Rhubarb – disguised as fruit

Come spring small aubergine coloured knots are the first to break the surface of my kitchen garden. They split up and quickly grow into green leaves and slender stems. Small first and after what seems to be a couple of days, big green parasols with slender stems that hardly seem able to carry the weight of the leaves. When I pick one and break the leaf from the stem, I imagine a sigh of relief.

Det sprøde knæk og kunsten at trække rabarber
The art of harvesting rhubarb

The plant repays me throughout summer by perpetually growing new stems untill september. At this point you can usually find me lying on the lawn, acidic froth around the mouth croaking “no more rhubarb. Please, no more.”

Rhubarb is a tough vegetable. It was imported from China to Europe via the Silk Route in the 14th ct. and primarily used for medicinal purposes because of its laxative qualities. If not for the spread of sugar across Europe in the 18th ct, rhubarb would probably only be plantet in The Botanical Garden in a single specimen, and not in every kitchen garden from Amager to Anholt. For when it comes down to it, what is rhubarb really without sugar, if not a rather generic vegetable? But with the right amount of sugar, rhubarb balances deliciously between sour and sweet. The combination tickles my taste buds to writhe about in an acidic dance only to smelt away in a sugary dream. If seasons could be tasted, rhubarb would be my spring.

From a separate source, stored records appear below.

text \<open>Since \<open>0 powr a = 0\<close>, the kernel vanishes on the diagonal.\<close>

definition riesz_kernel :: "real \<Rightarrow> 'a::euclidean_space \<Rightarrow> 'a \<Rightarrow> ennreal" where
  "riesz_kernel a x y = ennreal (norm (x - y) powr (-a))"

lemma riesz_kernel_sym: "riesz_kernel a x y = riesz_kernel a y x"
  unfolding riesz_kernel_def by (simp add: norm_minus_commute)

lemma riesz_kernel_measurable [measurable]:
  fixes f g :: "'b \<Rightarrow> 'a::euclidean_space"
  assumes [measurable]: "f \<in> borel_measurable M" "g \<in> borel_measurable M"
  shows "(\<lambda>z. riesz_kernel a (f z) (g z)) \<in> borel_measurable M"
  unfolding riesz_kernel_def by measurable

lemma riesz_kernel_le:
  assumes "0 \<le> a" "0 < u" "u \<le> norm (x - y)"
  shows "riesz_kernel a x y \<le> ennreal (u powr (-a))"
  unfolding riesz_kernel_def using assms by (intro ennreal_leI powr_mono2') auto

text \<open>The shells \<open>a\<^sub>0 \<eta>\<^sup>k \<le> |z - y| \<le> 2 a\<^sub>0 \<eta>\<^sup>k\<close> cover \<open>A\<close>, and their contributions form a geometric series.\<close>

lemma nn_integral_riesz_dyadic_le:
  fixes y :: "'a::euclidean_space"
  defines "n \<equiv> real DIM('a)"
  assumes b: "0 \<le> b" and a0: "0 < a0" and \<eta>: "0 < \<eta>" "\<eta> powr (n - b) < 1"
    and cover: "\<And>z. z \<in> A \<Longrightarrow> z \<noteq> y \<Longrightarrow>
                   \<exists>k. a0 * \<eta> ^ k \<le> norm (z - y) \<and> norm (z - y) \<le> 2 * (a0 * \<eta> ^ k)"
  shows "(\<integral>\<^sup>+z. indicator A z * riesz_kernel b z y \<partial>lborel)
         \<le> ennreal (3 ^ DIM('a) * measure lborel (ball (0::'a) 1) * a0 powr (n - b)
                   / (1 - \<eta> powr (n - b)))"
proof -
  define V where "V = measure lborel (ball (0::'a) 1)"
  define q where "q = \<eta> powr (n - b)"
  define r where "r k = a0 * \<eta> ^ k" for k
  define S where "S k = {z. r k \<le> norm (z - y) \<and> norm (z - y) \<le> 2 * r k}" for k
  define c where "c k = ennreal (r k powr (-b))" for k
  have r: "0 < r k" for k
    using a0 \<eta> by (simp add: r_def)
  have S_sets: "S k \<in> sets lborel" for k
    unfolding S_def by measurable
  have shells: "indicator A z * riesz_kernel b z y \<le> (\<Sum>k. c k * indicator (S k) z)" for z
  proof (cases "z \<in> A \<and> z \<noteq> y")
    case True
    then obtain k where k: "z \<in> S k"
      using cover by (auto simp: S_def r_def)
    then have "riesz_kernel b z y \<le> c k * indicator (S k) z"
      using b r[of k] by (auto simp: c_def S_def riesz_kernel_le)
    also have "\<dots> \<le> (\<Sum>k. c k * indicator (S k) z)"
      using sum_le_suminf[OF summableI, of "{k}"] by simp
    finally show ?thesis
      using True by simp
  qed (auto simp: indicator_def riesz_kernel_def)
  have shell_le: "c k * emeasure lborel (S k) \<le> ennreal (3 ^ DIM('a) * V * a0 powr (n - b) * q ^ k)" for k
  proof -
    have "emeasure lborel (S k) \<le> emeasure lborel (ball y (3 * r k))"
      using r[of k] by (intro emeasure_mono) (auto simp: S_def dist_norm norm_minus_commute)
    also have "\<dots> = ennreal ((3 * r k) ^ DIM('a) * V)"
      unfolding V_def using r[of k] by (intro emeasure_lborel_ball) simp
    finally have "c k * emeasure lborel (S k) \<le> c k * ennreal ((3 * r k) ^ DIM('a) * V)"
      by (rule mult_left_mono) simp
    also have "\<dots> = ennreal (r k powr (-b) * ((3 * r k) ^ DIM('a) * V))"
      unfolding c_def by (simp add: ennreal_mult V_def r less_imp_le)
    also have "r k powr (-b) * ((3 * r k) ^ DIM('a) * V) = 3 ^ DIM('a) * V * r k powr (n - b)"
      using r[of k] by (simp add: n_def power_mult_distrib powr_realpow[symmetric] powr_diff
                                  powr_minus divide_inverse)
    also have "r k powr (n - b) = a0 powr (n - b) * q ^ k"
      using a0 \<eta> by (simp add: r_def q_def powr_mult powr_powr mult.commute flip: powr_realpow)
    finally show ?thesis by (simp add: mult.assoc)
  qed
  have "(\<integral>\<^sup>+z. indicator A z * riesz_kernel b z y \<partial>lborel)
        \<le> (\<integral>\<^sup>+z. (\<Sum>k. c k * indicator (S k) z) \<partial>lborel)"
    by (intro nn_integral_mono shells)
  also have "\<dots> = (\<Sum>k. c k * emeasure lborel (S k))"
    using S_sets by (simp add: nn_integral_suminf nn_integral_cmult_indicator)
  also have "\<dots> \<le> (\<Sum>k. ennreal (3 ^ DIM('a) * V * a0 powr (n - b) * q ^ k))"
    by (intro suminf_le shell_le) auto
  also have "\<dots> = ennreal (3 ^ DIM('a) * V * a0 powr (n - b) / (1 - q))"
  proof (rule suminf_ennreal_eq)
    show "(\<lambda>k. 3 ^ DIM('a) * V * a0 powr (n - b) * q ^ k) sums (3 ^ DIM('a) * V * a0 powr (n - b) / (1 - q))"
      using sums_mult[OF geometric_sums[of q], of "3 ^ DIM('a) * V * a0 powr (n - b)"] \<eta>
      by (simp add: q_def divide_inverse)
  qed (simp add: V_def q_def)
  finally show ?thesis
    unfolding V_def q_def .
qed

lemma nn_integral_riesz_ball_le:
  assumes "0 \<le> b" "b < real DIM('a)"
  shows "\<exists>C\<ge>0. \<forall>(y::'a::euclidean_space) \<rho>. 0 < \<rho> \<longrightarrow>
           (\<integral>\<^sup>+z. indicator (ball y \<rho>) z * riesz_kernel b z y \<partial>lborel)
           \<le> ennreal (C * \<rho> powr (real DIM('a) - b))"
proof -
  define n where "n = real DIM('a)"
  define q :: real where "q = (1 / 2) powr (n - b)"
  have q: "q < 1"
    using assms by (simp add: q_def n_def powr01_less_one)
  define C where "C = 3 ^ DIM('a) * measure lborel (ball (0::'a) 1) / (2 powr (n - b) * (1 - q))"
  have "0 \<le> C"
    using q by (simp add: C_def)
  moreover have "(\<integral>\<^sup>+z. indicator (ball y \<rho>) z * riesz_kernel b z y \<partial>lborel) \<le> ennreal (C * \<rho> powr (n - b))"
    if \<rho>: "0 < \<rho>" for y :: 'a and \<rho>
  proof -
    have "\<exists>k. \<rho> / 2 * (1 / 2) ^ k \<le> norm (z - y) \<and> norm (z - y) \<le> 2 * (\<rho> / 2 * (1 / 2) ^ k)"
      if "z \<in> ball y \<rho>" "z \<noteq> y" for z
    proof -
      have "0 < norm (z - y)" "norm (z - y) < \<rho>"
        using that by (auto simp: dist_norm norm_minus_commute)
      then obtain k where "2 ^ k \<le> \<rho> / norm (z - y)" "\<rho> / norm (z - y) < 2 ^ Suc k"
        using ex_dyadic_scale[of "\<rho> / norm (z - y)"] by auto
      with \<open>0 < norm (z - y)\<close> show ?thesis
        by (intro exI[of _ k]) (auto simp: field_simps power_one_over)
    qed
    then have "(\<integral>\<^sup>+z. indicator (ball y \<rho>) z * riesz_kernel b z y \<partial>lborel)
        \<le> ennreal (3 ^ DIM('a) * measure lborel (ball (0::'a) 1) * (\<rho> / 2) powr (n - b) / (1 - q))"
      unfolding q_def n_def using assms \<rho>
      by (intro nn_integral_riesz_dyadic_le) (auto simp: powr01_less_one)
    also have "\<dots> = ennreal (C * \<rho> powr (n - b))"
      using \<rho> by (simp add: C_def powr_divide)
    finally show ?thesis .
  qed
  ultimately show ?thesis
    unfolding n_def by blast
qed
lemma orbit_mut_apply:
  fixes B :: "'a::linorder emat"
  assumes "admissible B G" "skew_symmetrizable B" "I \<in> orbits G" "finite I"
  shows "orbit_mut I B x y = (if x \<in> I \<or> y \<in> I then - B x y
           else B x y + (\<Sum>i\<in>I. mut_term (B x i) (B i y)))"
proof -
  have "B i i' = 0" if "i \<in> I" "i' \<in> I" for i i'
    using orbit_entry_eq_zero[OF assms(1,2)]
      orbits_eq_orbit[OF admissible_perm_group[OF assms(1)] assms(3)] that by blast
  then show ?thesis
    using fold_mut_disconnected[of "sorted_list_of_set I" B x y] \<open>finite I\<close>
    unfolding orbit_mut_def by simp
qed

lemma quotient_orbit_mut:
  fixes B :: "'a::{finite,linorder} emat"
  assumes adm: "admissible B G" and skew: "skew_symmetrizable B" and I: "I \<in> orbits G"
  shows "quotient (orbit_mut I B) G = mut I (quotient B G)"
proof (intro ext)
  fix J K
  show "quotient (orbit_mut I B) G J K = mut I (quotient B G) J K"
  proof (cases "J \<in> orbits G \<and> K \<in> orbits G")
    case False
    then show ?thesis unfolding quotient_def mut_apply using I by auto
  next
    case True
    then have J: "J \<in> orbits G" and K: "K \<in> orbits G" by auto
    have pg: "perm_group G" using admissible_perm_group[OF adm] .
    define y where "y = (SOME k. k \<in> K)"
    have "y \<in> K" unfolding y_def using orbits_nonempty[OF pg K] by (simp add: some_in_eq)
    obtain i0 where "i0 \<in> I" using orbits_nonempty[OF pg I] by blast
    have quotient_JK: "quotient (orbit_mut I B) G J K = (\<Sum>x\<in>J. orbit_mut I B x y)"
      unfolding quotient_def y_def using J K by simp
    note quotient_B = quotient_eq_sum[OF adm skew]
    show ?thesis
    proof (cases "J = I \<or> K = I")
      case True
      then have "x \<in> I \<or> y \<in> I" if "x \<in> J" for x using that \<open>y \<in> K\<close> by auto
      then have "quotient (orbit_mut I B) G J K = - quotient B G J K"
        unfolding quotient_JK orbit_mut_apply[OF adm skew I finite] quotient_B[OF J K \<open>y \<in> K\<close>]
        by (simp add: sum_negf)
      then show ?thesis using True by (simp add: mut_apply)
    next
      case False
      then have "x \<notin> I" if "x \<in> J" for x using orbits_disjoint[OF pg I J] that by blast
      moreover have "y \<notin> I" using orbits_disjoint[OF pg I K] \<open>y \<in> K\<close> False by blast
      ultimately have "quotient (orbit_mut I B) G J K
          = (\<Sum>x\<in>J. B x y) + (\<Sum>x\<in>J. \<Sum>i\<in>I. mut_term (B x i) (B i y))"
        unfolding quotient_JK orbit_mut_apply[OF adm skew I finite] by (simp add: sum.distrib)
      also have "\<dots> = (\<Sum>x\<in>J. B x y) + mut_term (\<Sum>x\<in>J. B x i0) (\<Sum>i\<in>I. B i y)"
      proof -
        have "(\<Sum>x\<in>J. B x i) = (\<Sum>x\<in>J. B x i0)" if "i \<in> I" for i
          using quotient_B[OF J I that] quotient_B[OF J I \<open>i0 \<in> I\<close>] by simp
        from sum_mut_term_sign_coherent[where a = B, OF \<open>i0 \<in> I\<close> this
            sign_coherent_orbit_block[OF adm skew I J] sign_coherent_orbit_column[OF adm skew I]]
        show ?thesis by simp
      qed
      also have "\<dots> = quotient B G J K + mut_term (quotient B G J I) (quotient B G I K)"
        unfolding quotient_B[OF J K \<open>y \<in> K\<close>] quotient_B[OF J I \<open>i0 \<in> I\<close>]
          quotient_B[OF I K \<open>y \<in> K\<close>] ..
      also have "\<dots> = mut I (quotient B G) J K"
        using False by (simp add: mut_apply)
      finally show ?thesis .
    qed
  qed
qed

lemma fold_orbit_mut:
  "fold orbit_mut Is B = fold mut (concat (map sorted_list_of_set Is)) B"
  by (induction Is arbitrary: B) (simp_all add: orbit_mut_def)

lemma quotient_fold_orbit_mut:
  fixes A :: "'a::{finite,linorder} emat"
  assumes "skew_symmetrizable A" "stable A G" "set Is \<subseteq> orbits G"
  shows "quotient (fold orbit_mut Is A) G = fold mut Is (quotient A G)"
  using assms(3)
proof (induction Is rule: rev_induct)
  case Nil
  then show ?case by simp
next
  case (snoc I Is)
  have "admissible (fold orbit_mut Is A) G"
    using \<open>stable A G\<close> snoc.prems unfolding stable_def by simp
  moreover have "skew_symmetrizable (fold orbit_mut Is A)"
    unfolding fold_orbit_mut using skew_symmetrizable_fold_mut[OF \<open>skew_symmetrizable A\<close>] .
  moreover have "I \<in> orbits G"
    using snoc.prems by simp
  ultimately have "quotient (orbit_mut I (fold orbit_mut Is A)) G
      = mut I (quotient (fold orbit_mut Is A) G)"
    by (rule quotient_orbit_mut)
  with snoc show ?case by simp
qed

I think the alliance was conceived ages ago, when a turnip and a rhubarb vowed to throw off the yoke of the dominant fruit trees. Together we are stronger. Together we make fruit.

And so it is. With a few exceptions rhubarb is almost exclusively used as a fruit in the kitchen. So much so that you almost forget that rhubarb is a vegetable. Juice, compote, jam, cake, trifle, pie = fruit. And rhubarb has not merely achieved to affect the unconscious. In 1947 in the US rhubarb was reclassified from vegetable to fruit, because of the tax difference between fruits and vegetables. Like a thief in the night the tough, effervescent rhubarb convinced us that you are what you eat. An what you eat is fruit.